:: PROBLEM DETAILS ::
The listing should be returned in its entirety, exactly as given.

:: TASK DATA ::
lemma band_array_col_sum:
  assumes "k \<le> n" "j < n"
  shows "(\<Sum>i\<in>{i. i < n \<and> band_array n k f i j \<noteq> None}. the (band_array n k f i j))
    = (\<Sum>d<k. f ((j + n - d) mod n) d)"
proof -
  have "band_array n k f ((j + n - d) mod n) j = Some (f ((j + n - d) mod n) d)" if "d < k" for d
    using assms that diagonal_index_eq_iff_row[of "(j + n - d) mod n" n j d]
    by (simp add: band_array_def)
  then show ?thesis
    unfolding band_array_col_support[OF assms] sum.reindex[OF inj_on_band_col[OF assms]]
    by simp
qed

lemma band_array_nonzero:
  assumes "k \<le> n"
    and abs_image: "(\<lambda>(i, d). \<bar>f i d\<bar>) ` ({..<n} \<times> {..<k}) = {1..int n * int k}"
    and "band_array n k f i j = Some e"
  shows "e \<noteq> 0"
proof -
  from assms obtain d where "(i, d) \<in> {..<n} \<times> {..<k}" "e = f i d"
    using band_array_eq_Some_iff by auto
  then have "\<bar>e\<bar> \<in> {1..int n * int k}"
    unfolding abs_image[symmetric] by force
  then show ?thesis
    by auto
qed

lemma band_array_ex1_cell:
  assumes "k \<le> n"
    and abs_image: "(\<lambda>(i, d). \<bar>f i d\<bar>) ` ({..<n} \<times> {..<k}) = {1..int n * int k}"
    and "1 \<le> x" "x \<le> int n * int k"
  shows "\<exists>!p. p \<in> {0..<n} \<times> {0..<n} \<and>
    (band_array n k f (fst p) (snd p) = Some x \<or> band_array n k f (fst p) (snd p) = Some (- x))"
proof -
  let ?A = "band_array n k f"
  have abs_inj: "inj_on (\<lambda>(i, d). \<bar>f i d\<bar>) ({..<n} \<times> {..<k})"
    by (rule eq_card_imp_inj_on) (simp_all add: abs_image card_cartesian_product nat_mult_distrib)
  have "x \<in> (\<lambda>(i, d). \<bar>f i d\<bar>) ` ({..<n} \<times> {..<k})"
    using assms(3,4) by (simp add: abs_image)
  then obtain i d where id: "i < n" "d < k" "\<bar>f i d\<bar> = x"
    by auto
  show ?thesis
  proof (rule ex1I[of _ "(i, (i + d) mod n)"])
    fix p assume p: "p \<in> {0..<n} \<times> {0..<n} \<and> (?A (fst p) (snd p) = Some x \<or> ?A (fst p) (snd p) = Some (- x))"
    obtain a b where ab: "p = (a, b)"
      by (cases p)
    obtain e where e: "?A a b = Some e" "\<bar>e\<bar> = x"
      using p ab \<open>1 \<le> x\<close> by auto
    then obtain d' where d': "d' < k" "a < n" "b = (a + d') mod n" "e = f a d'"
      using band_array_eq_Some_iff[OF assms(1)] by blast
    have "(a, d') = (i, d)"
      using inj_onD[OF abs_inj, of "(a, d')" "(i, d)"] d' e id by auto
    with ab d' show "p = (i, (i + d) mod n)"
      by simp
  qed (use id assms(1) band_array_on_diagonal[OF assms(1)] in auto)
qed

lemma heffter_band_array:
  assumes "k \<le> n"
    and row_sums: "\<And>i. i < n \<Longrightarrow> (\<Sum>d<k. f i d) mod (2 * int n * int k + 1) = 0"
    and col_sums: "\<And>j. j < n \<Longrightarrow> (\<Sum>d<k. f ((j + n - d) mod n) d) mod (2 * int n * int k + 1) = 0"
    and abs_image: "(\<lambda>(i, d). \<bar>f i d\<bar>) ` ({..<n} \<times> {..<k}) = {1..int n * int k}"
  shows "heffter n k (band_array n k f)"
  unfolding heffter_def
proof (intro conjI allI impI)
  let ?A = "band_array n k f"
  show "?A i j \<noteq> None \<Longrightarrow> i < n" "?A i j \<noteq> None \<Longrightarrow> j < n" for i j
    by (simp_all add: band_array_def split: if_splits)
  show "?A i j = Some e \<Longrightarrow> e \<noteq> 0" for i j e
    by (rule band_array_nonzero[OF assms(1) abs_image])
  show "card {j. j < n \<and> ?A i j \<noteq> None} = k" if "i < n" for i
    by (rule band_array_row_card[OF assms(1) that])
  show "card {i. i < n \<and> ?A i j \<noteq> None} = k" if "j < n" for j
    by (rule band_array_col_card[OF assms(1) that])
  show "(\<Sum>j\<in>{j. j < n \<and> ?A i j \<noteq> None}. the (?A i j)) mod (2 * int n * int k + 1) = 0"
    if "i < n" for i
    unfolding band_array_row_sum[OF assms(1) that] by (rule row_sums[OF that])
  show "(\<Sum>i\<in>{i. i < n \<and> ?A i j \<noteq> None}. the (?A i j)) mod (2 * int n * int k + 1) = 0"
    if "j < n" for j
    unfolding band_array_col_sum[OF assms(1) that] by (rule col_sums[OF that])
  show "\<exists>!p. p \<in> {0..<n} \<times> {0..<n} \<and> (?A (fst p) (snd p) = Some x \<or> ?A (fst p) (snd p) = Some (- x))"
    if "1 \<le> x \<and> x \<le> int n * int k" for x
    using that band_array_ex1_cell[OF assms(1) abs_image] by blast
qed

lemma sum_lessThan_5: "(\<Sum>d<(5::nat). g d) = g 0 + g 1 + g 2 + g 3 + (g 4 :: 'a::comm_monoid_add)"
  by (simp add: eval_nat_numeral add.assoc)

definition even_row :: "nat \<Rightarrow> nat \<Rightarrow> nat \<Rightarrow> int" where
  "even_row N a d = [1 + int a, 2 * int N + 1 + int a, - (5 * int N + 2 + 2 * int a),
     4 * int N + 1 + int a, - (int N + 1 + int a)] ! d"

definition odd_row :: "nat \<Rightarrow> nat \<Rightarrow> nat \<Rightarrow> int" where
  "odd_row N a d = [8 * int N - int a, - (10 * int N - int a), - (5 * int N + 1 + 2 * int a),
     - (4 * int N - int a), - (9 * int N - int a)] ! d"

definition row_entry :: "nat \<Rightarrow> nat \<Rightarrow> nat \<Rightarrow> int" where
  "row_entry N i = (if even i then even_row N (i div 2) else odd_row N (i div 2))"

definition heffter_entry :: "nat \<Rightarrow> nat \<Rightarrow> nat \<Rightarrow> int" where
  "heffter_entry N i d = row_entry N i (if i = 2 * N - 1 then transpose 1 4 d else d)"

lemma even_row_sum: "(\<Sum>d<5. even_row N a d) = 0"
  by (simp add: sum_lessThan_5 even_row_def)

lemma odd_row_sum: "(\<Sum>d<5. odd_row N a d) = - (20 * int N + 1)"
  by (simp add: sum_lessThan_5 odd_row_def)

:: WRITTEN RESPONSE ::
lemma band_array_col_sum:
  assumes "k \<le> n" "j < n"
  shows "(\<Sum>i\<in>{i. i < n \<and> band_array n k f i j \<noteq> None}. the (band_array n k f i j))
    = (\<Sum>d<k. f ((j + n - d) mod n) d)"
proof -
  have "band_array n k f ((j + n - d) mod n) j = Some (f ((j + n - d) mod n) d)" if "d < k" for d
    using assms that diagonal_index_eq_iff_row[of "(j + n - d) mod n" n j d]
    by (simp add: band_array_def)
  then show ?thesis
    unfolding band_array_col_support[OF assms] sum.reindex[OF inj_on_band_col[OF assms]]
    by simp
qed

lemma band_array_nonzero:
  assumes "k \<le> n"
    and abs_image: "(\<lambda>(i, d). \<bar>f i d\<bar>) ` ({..<n} \<times> {..<k}) = {1..int n * int k}"
    and "band_array n k f i j = Some e"
  shows "e \<noteq> 0"
proof -
  from assms obtain d where "(i, d) \<in> {..<n} \<times> {..<k}" "e = f i d"
    using band_array_eq_Some_iff by auto
  then have "\<bar>e\<bar> \<in> {1..int n * int k}"
    unfolding abs_image[symmetric] by force
  then show ?thesis
    by auto
qed

lemma band_array_ex1_cell:
  assumes "k \<le> n"
    and abs_image: "(\<lambda>(i, d). \<bar>f i d\<bar>) ` ({..<n} \<times> {..<k}) = {1..int n * int k}"
    and "1 \<le> x" "x \<le> int n * int k"
  shows "\<exists>!p. p \<in> {0..<n} \<times> {0..<n} \<and>
    (band_array n k f (fst p) (snd p) = Some x \<or> band_array n k f (fst p) (snd p) = Some (- x))"
proof -
  let ?A = "band_array n k f"
  have abs_inj: "inj_on (\<lambda>(i, d). \<bar>f i d\<bar>) ({..<n} \<times> {..<k})"
    by (rule eq_card_imp_inj_on) (simp_all add: abs_image card_cartesian_product nat_mult_distrib)
  have "x \<in> (\<lambda>(i, d). \<bar>f i d\<bar>) ` ({..<n} \<times> {..<k})"
    using assms(3,4) by (simp add: abs_image)
  then obtain i d where id: "i < n" "d < k" "\<bar>f i d\<bar> = x"
    by auto
  show ?thesis
  proof (rule ex1I[of _ "(i, (i + d) mod n)"])
    fix p assume p: "p \<in> {0..<n} \<times> {0..<n} \<and> (?A (fst p) (snd p) = Some x \<or> ?A (fst p) (snd p) = Some (- x))"
    obtain a b where ab: "p = (a, b)"
      by (cases p)
    obtain e where e: "?A a b = Some e" "\<bar>e\<bar> = x"
      using p ab \<open>1 \<le> x\<close> by auto
    then obtain d' where d': "d' < k" "a < n" "b = (a + d') mod n" "e = f a d'"
      using band_array_eq_Some_iff[OF assms(1)] by blast
    have "(a, d') = (i, d)"
      using inj_onD[OF abs_inj, of "(a, d')" "(i, d)"] d' e id by auto
    with ab d' show "p = (i, (i + d) mod n)"
      by simp
  qed (use id assms(1) band_array_on_diagonal[OF assms(1)] in auto)
qed

lemma heffter_band_array:
  assumes "k \<le> n"
    and row_sums: "\<And>i. i < n \<Longrightarrow> (\<Sum>d<k. f i d) mod (2 * int n * int k + 1) = 0"
    and col_sums: "\<And>j. j < n \<Longrightarrow> (\<Sum>d<k. f ((j + n - d) mod n) d) mod (2 * int n * int k + 1) = 0"
    and abs_image: "(\<lambda>(i, d). \<bar>f i d\<bar>) ` ({..<n} \<times> {..<k}) = {1..int n * int k}"
  shows "heffter n k (band_array n k f)"
  unfolding heffter_def
proof (intro conjI allI impI)
  let ?A = "band_array n k f"
  show "?A i j \<noteq> None \<Longrightarrow> i < n" "?A i j \<noteq> None \<Longrightarrow> j < n" for i j
    by (simp_all add: band_array_def split: if_splits)
  show "?A i j = Some e \<Longrightarrow> e \<noteq> 0" for i j e
    by (rule band_array_nonzero[OF assms(1) abs_image])
  show "card {j. j < n \<and> ?A i j \<noteq> None} = k" if "i < n" for i
    by (rule band_array_row_card[OF assms(1) that])
  show "card {i. i < n \<and> ?A i j \<noteq> None} = k" if "j < n" for j
    by (rule band_array_col_card[OF assms(1) that])
  show "(\<Sum>j\<in>{j. j < n \<and> ?A i j \<noteq> None}. the (?A i j)) mod (2 * int n * int k + 1) = 0"
    if "i < n" for i
    unfolding band_array_row_sum[OF assms(1) that] by (rule row_sums[OF that])
  show "(\<Sum>i\<in>{i. i < n \<and> ?A i j \<noteq> None}. the (?A i j)) mod (2 * int n * int k + 1) = 0"
    if "j < n" for j
    unfolding band_array_col_sum[OF assms(1) that] by (rule col_sums[OF that])
  show "\<exists>!p. p \<in> {0..<n} \<times> {0..<n} \<and> (?A (fst p) (snd p) = Some x \<or> ?A (fst p) (snd p) = Some (- x))"
    if "1 \<le> x \<and> x \<le> int n * int k" for x
    using that band_array_ex1_cell[OF assms(1) abs_image] by blast
qed

lemma sum_lessThan_5: "(\<Sum>d<(5::nat). g d) = g 0 + g 1 + g 2 + g 3 + (g 4 :: 'a::comm_monoid_add)"
  by (simp add: eval_nat_numeral add.assoc)

definition even_row :: "nat \<Rightarrow> nat \<Rightarrow> nat \<Rightarrow> int" where
  "even_row N a d = [1 + int a, 2 * int N + 1 + int a, - (5 * int N + 2 + 2 * int a),
     4 * int N + 1 + int a, - (int N + 1 + int a)] ! d"

definition odd_row :: "nat \<Rightarrow> nat \<Rightarrow> nat \<Rightarrow> int" where
  "odd_row N a d = [8 * int N - int a, - (10 * int N - int a), - (5 * int N + 1 + 2 * int a),
     - (4 * int N - int a), - (9 * int N - int a)] ! d"

definition row_entry :: "nat \<Rightarrow> nat \<Rightarrow> nat \<Rightarrow> int" where
  "row_entry N i = (if even i then even_row N (i div 2) else odd_row N (i div 2))"

definition heffter_entry :: "nat \<Rightarrow> nat \<Rightarrow> nat \<Rightarrow> int" where
  "heffter_entry N i d = row_entry N i (if i = 2 * N - 1 then transpose 1 4 d else d)"

lemma even_row_sum: "(\<Sum>d<5. even_row N a d) = 0"
  by (simp add: sum_lessThan_5 even_row_def)

lemma odd_row_sum: "(\<Sum>d<5. odd_row N a d) = - (20 * int N + 1)"
  by (simp add: sum_lessThan_5 odd_row_def)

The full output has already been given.